To manage dependencies effectively, each thread is equipped with a scoreboard system. The scoreboard monitors two main types of dependencies: read-after-write and write-after-write. A read-after-write dependency occurs when an instruction needs to read a register that a previous instruction is writing to. For example:


	add_f s0, s1, s2
	add_f s3, s0, s4

In this sequence, the second instruction depends on the completion of the first, as it needs the result from register s0, which might not be immediately available. Issuing the second instruction too soon would result in it obtaining a stale value from s0.
The write-after-write dependency occurs when two instructions writing to the same register are issued close together in time, but the one with shorter latency completes first, potentially writing an incorrect value to the register if not properly managed.
Each register in the scoreboard is associated with a pending bit which serves multiple purposes:

When the Thread Select stage issues an instruction, it sets the pending bit for the destination register of that instruction, indicating that the register is in the process of being updated.
The pending bit is cleared once the Writeback stage confirms that the register has been successfully updated with the result of the instruction.
If a rollback is necessary, due to a branch or exception, the pending bits of affected instructions are reset, preventing any erroneous data propagation.

Before issuing any instruction, the Thread Select stage checks the pending bits for both the source and destination registers involved. If a pending bit is set, it indicates that the register is currently unreliable or in transition, and thus, the instruction cannot be issued in that cycle. This check helps prevent both types of dependencies from causing data corruption.
Due to the varying lengths of the integer, memory, and floating point execution pipelines, instructions from these pipelines might arrive at the Writeback stage simultaneously. To avoid conflicts, since only one instruction can be retired per cycle, the Thread Select stage may delay issuing instructions that could potentially conflict.
Moreover, this stage also monitors threads that are on hold due to full store queues or pending data cache misses, delaying instruction issuance until the conditions are cleared.
In operations involving scatter/gather vector memory accesses, which require individual cache accesses for each vector lane, the Thread Select stage issues these instructions multiple times, each with an incrementally adjusted subcycle counter. This allows for precise control over execution and is critical in situations where fewer execution units are available than vector lanes, or where complex instruction types are involved.
This comprehensive management strategy employed by the Thread Select stage ensures that the processor maximizes efficiency, minimizes data hazards, and maintains consistent throughput across various computational scenarios.

Operand Fetch

In the operand fetch stage of the SIMD processor, the architecture incorporates both vector and scalar registers accessible to all threads. These registers are stored in register files, each exhibiting a latency of one cycle for memory operations. To facilitate efficient data handling, each register file is equipped with dual read ports and a single write port. The writeback stage of the processor is specifically tasked with managing the write port, ensuring that data is correctly stored back into the registers after processing. This setup not only optimizes the speed of data retrieval and storage but also maintains a streamlined flow of operations across the various stages of the processor's pipeline.

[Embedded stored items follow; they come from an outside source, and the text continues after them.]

lemma reciprocal_shift_multiplier_le:
  fixes p x :: "'i::finite \<Rightarrow> real"
  assumes p: "p \<in> simplex" and y: "\<And>k. \<mu> * p k + x k < 1"
    and balance: "(\<Sum>k\<in>UNIV. p k / (1 - (\<mu> * p k + x k))) = 1"
    and x: "L2_set x UNIV \<le> r"
  shows "\<mu> * L2_set p UNIV \<le> r"
proof -
  let ?M = "L2_set p UNIV"
  have "\<mu> * ?M\<^sup>2 + (\<Sum>k\<in>UNIV. p k * x k) = (\<Sum>k\<in>UNIV. p k * (\<mu> * p k + x k))"
    unfolding L2_set_power2[OF finite_UNIV]
    by (simp add: power2_eq_square sum.distrib sum_distrib_left algebra_simps)
  also have "\<dots> \<le> 0"
    using p y balance by (intro sum_mult_le_0_if_sum_divide_eq) (auto simp: simplex_def)
  moreover have "\<bar>\<Sum>k\<in>UNIV. p k * x k\<bar> \<le> ?M * r"
    using abs_sum_mult_le_L2_set[of p x UNIV] mult_left_mono[OF x L2_set_nonneg[of p UNIV]]
    by linarith
  ultimately have "\<mu> * ?M\<^sup>2 \<le> ?M * r"
    by linarith
  then have "?M * (\<mu> * ?M) \<le> ?M * r"
    by (simp add: power2_eq_square algebra_simps)
  then show ?thesis
    using L2_set_simplex_pos[OF p] by simp
qed
lemma nn_integral_moment_expansion:
  "(\<integral>\<^sup>+x. ennreal (sumrate K g x ^ i * jpdf K sig lam x) * (\<Prod>k<K. indicator {0..} (x k)) \<partial>PiM {..<K} (\<lambda>_. lborel))
   = (\<Sum>c\<in>{c \<in> {..<K} \<rightarrow>\<^sub>E {..i}. (\<Sum>k<K. c k) = i}. ennreal (fact i / (\<Prod>k<K. fact (c k)) / Sconst K lam) *
       (\<integral>\<^sup>+s. ennreal (exp (- s)) * (\<Prod>k<K. rate_integral (2 * g k * (sig k)\<^sup>2 * (1 - (lam k)\<^sup>2))
          ((lam k)\<^sup>2 / (1 - (lam k)\<^sup>2) / Sconst K lam) (c k) s) * indicator {0..} s \<partial>lborel))"
proof -
  let ?M = "PiM {..<K} (\<lambda>_. lborel :: real measure)"
  let ?C = "{c \<in> {..<K} \<rightarrow>\<^sub>E {..i}. (\<Sum>k<K. c k) = i}"
  define Q where "Q c x = (\<integral>\<^sup>+t. ennreal (exp (- Sconst K lam * t)) * (\<Prod>k<K. ennreal
      ((log 2 (1 + g k * (x k)\<^sup>2)) ^ c k * amplitude_kernel (sig k) (lam k) (x k) t)) * indicator {0..} t \<partial>lborel)"
    for c and x :: "nat \<Rightarrow> real"
  define J where "J c = (\<integral>\<^sup>+s. ennreal (exp (- s)) * (\<Prod>k<K. rate_integral (2 * g k * (sig k)\<^sup>2 * (1 - (lam k)\<^sup>2))
      ((lam k)\<^sup>2 / (1 - (lam k)\<^sup>2) / Sconst K lam) (c k) s) * indicator {0..} s \<partial>lborel)" for c
  have [measurable]: "Q c \<in> borel_measurable ?M" for c
    unfolding Q_def by measurable
  have "0 < Sconst K lam" using Sconst_ge_1 by simp
  have per_index: "(\<integral>\<^sup>+x. Q c x * (\<Prod>k<K. indicator {0..} (x k)) \<partial>?M) = ennreal (1 / Sconst K lam) * J c" for c
  proof -
    have "(\<integral>\<^sup>+x. Q c x * (\<Prod>k<K. indicator {0..} (x k)) \<partial>?M)
      = (\<integral>\<^sup>+t. ennreal (exp (- Sconst K lam * t)) * (\<Prod>k<K. \<integral>\<^sup>+y. ennreal ((log 2 (1 + g k * y\<^sup>2)) ^ c k
        * amplitude_kernel (sig k) (lam k) y t) * indicator {0..} y \<partial>lborel) * indicator {0..} t \<partial>lborel)"
      unfolding Q_def by (rule nn_integral_PiM_Ici_exchange) measurable
    also have "\<dots> = (\<integral>\<^sup>+t. ennreal (exp (- Sconst K lam * t)) * (\<Prod>k<K. rate_integral (2 * g k * (sig k)\<^sup>2 * (1 - (lam k)\<^sup>2))
          ((lam k)\<^sup>2 / (1 - (lam k)\<^sup>2)) (c k) t) * indicator {0..} t \<partial>lborel)"
      using sig_pos abs_lam_less_1
      by (intro nn_integral_cong arg_cong2[where f="(*)"] refl prod.cong rate_integral_substitution) auto
    also have "\<dots> = ennreal (1 / Sconst K lam) * (\<integral>\<^sup>+s. ennreal (exp (- Sconst K lam * (s / Sconst K lam)))
        * (\<Prod>k<K. rate_integral (2 * g k * (sig k)\<^sup>2 * (1 - (lam k)\<^sup>2))
          ((lam k)\<^sup>2 / (1 - (lam k)\<^sup>2)) (c k) (s / Sconst K lam)) * indicator {0..} s \<partial>lborel)"
      by (rule nn_integral_Ici_rescale[OF \<open>0 < Sconst K lam\<close>]) measurable
    finally show ?thesis
      using \<open>0 < Sconst K lam\<close> by (simp add: J_def rate_integral_rescale)
  qed
  have "(\<integral>\<^sup>+x. ennreal (sumrate K g x ^ i * jpdf K sig lam x) * (\<Prod>k<K. indicator {0..} (x k)) \<partial>?M)
      = (\<Sum>c\<in>?C. \<integral>\<^sup>+x. ennreal (fact i / (\<Prod>k<K. fact (c k))) * (Q c x * (\<Prod>k<K. indicator {0..} (x k))) \<partial>?M)"
    unfolding moment_integrand_expansion Q_def[symmetric] by (rule nn_integral_sum) measurable
  also have "\<dots> = (\<Sum>c\<in>?C. ennreal (fact i / (\<Prod>k<K. fact (c k))) * (ennreal (1 / Sconst K lam) * J c))"
  proof (intro sum.cong refl)
    fix c :: "nat \<Rightarrow> nat"
    have "(\<integral>\<^sup>+x. ennreal (fact i / (\<Prod>k<K. fact (c k))) * (Q c x * (\<Prod>k<K. indicator {0..} (x k))) \<partial>?M)
        = ennreal (fact i / (\<Prod>k<K. fact (c k))) * (\<integral>\<^sup>+x. Q c x * (\<Prod>k<K. indicator {0..} (x k)) \<partial>?M)"
      by (rule nn_integral_cmult) measurable
    then show "(\<integral>\<^sup>+x. ennreal (fact i / (\<Prod>k<K. fact (c k))) * (Q c x * (\<Prod>k<K. indicator {0..} (x k))) \<partial>?M)
        = ennreal (fact i / (\<Prod>k<K. fact (c k))) * (ennreal (1 / Sconst K lam) * J c)"
      by (simp only: per_index)
  qed
  finally show ?thesis
    unfolding J_def using \<open>0 < Sconst K lam\<close>
    by (simp add: ennreal_mult'[symmetric] mult.assoc[symmetric] prod_nonneg)
qed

Floating Point Arithmetic Pipeline

Integer Arithmetic

Within the SIMD processor, there exists a single stage dedicated to executing straightforward integer operations, such as integer addition and bitwise logical functions. Despite its designation as a stage primarily for integer operations, it surprisingly also handles a few basic floating-point tasks, including calculating reciprocal estimates. Additionally, this stage is responsible for detecting and processing branch instructions. This multi-functional capability allows the stage to efficiently manage a variety of simple computational tasks, thus streamlining the execution flow and enhancing the overall performance of the processor.

Writeback

The Writeback stage in the SIMD processor architecture is critical for managing data flow and control signals within the system. In this stage, specific signals are generated to facilitate the updating of the register file. For updates to vector registers, a mask signal is employed, featuring one bit per lane, indicating precisely which lanes should receive the update. This stage also handles the alignment and extraction of data for memory loads, integrating it with data from the pending store buffer that was forwarded from earlier stages.
Additionally, the Writeback stage is responsible for asserting rollback control signals, typically triggered by branches or traps detected by previous pipeline stages. These traps are handled precisely within this architecture, ensuring that all instructions preceding the one causing the exception are completed and updated in the register file, while any subsequent instructions are not.
One key feature of this processor is that although instructions are issued in sequence, they may be retired out of sequence due to varying lengths of the execution pipelines. This stage exclusively manages exceptions for a few critical reasons:

It guarantees that all instructions issued prior to a trapping instruction are fully processed and retired, ensuring data integrity.
It limits the occurrence of rollbacks to one per cycle since only one instruction is dispatched per cycle from this stage.
It prevents traps from affecting instructions that are speculatively issued and later rolled back, such as those following a conditional branch.

This design stipulates that only the memory and integer pipelines are capable of raising precise traps. The floating point pipeline, being longer, does not raise precise traps, as it might allow later instructions to retire before the trapping instruction reaches the Writeback stage. However, the disparity between the memory and integer pipelines is minimal, preventing out-of-order retirements that could complicate data integrity.
Asynchronous interrupts are similarly managed by initially setting a flag during the instruction fetch stage and then handling the interrupts during the Writeback stage. This prevents scenarios where an interrupt occurring after a branch instruction could erroneously redirect the program counter (PC) to a new code path, only for the branch instruction reaching Writeback to revert the PC back to the branch’s target on the original path.
Furthermore, if a trap happens while a thread is waiting due to a data cache miss, the Writeback stage resets the thread’s program counter. However, the thread remains in a suspended state until the cache miss is resolved, effectively preventing potential race conditions upon resumption. This careful management of program flow and exception handling ensures the processor maintains high efficiency and reliability in executing complex instruction sets.

UVM Testing Framework

We also built a UVM framework for testing the component. Below is an introduction of the framework structure:

TB_TOP_UVM (Top Level Testbench)

This is the highest-level component in the UVM testbench hierarchy. It serves as the container for the entire UVM test environment, including the instantiation of the DUV, interfaces, and the UVM environment itself. The top level is responsible for initializing the test and setting the stage for the verification process.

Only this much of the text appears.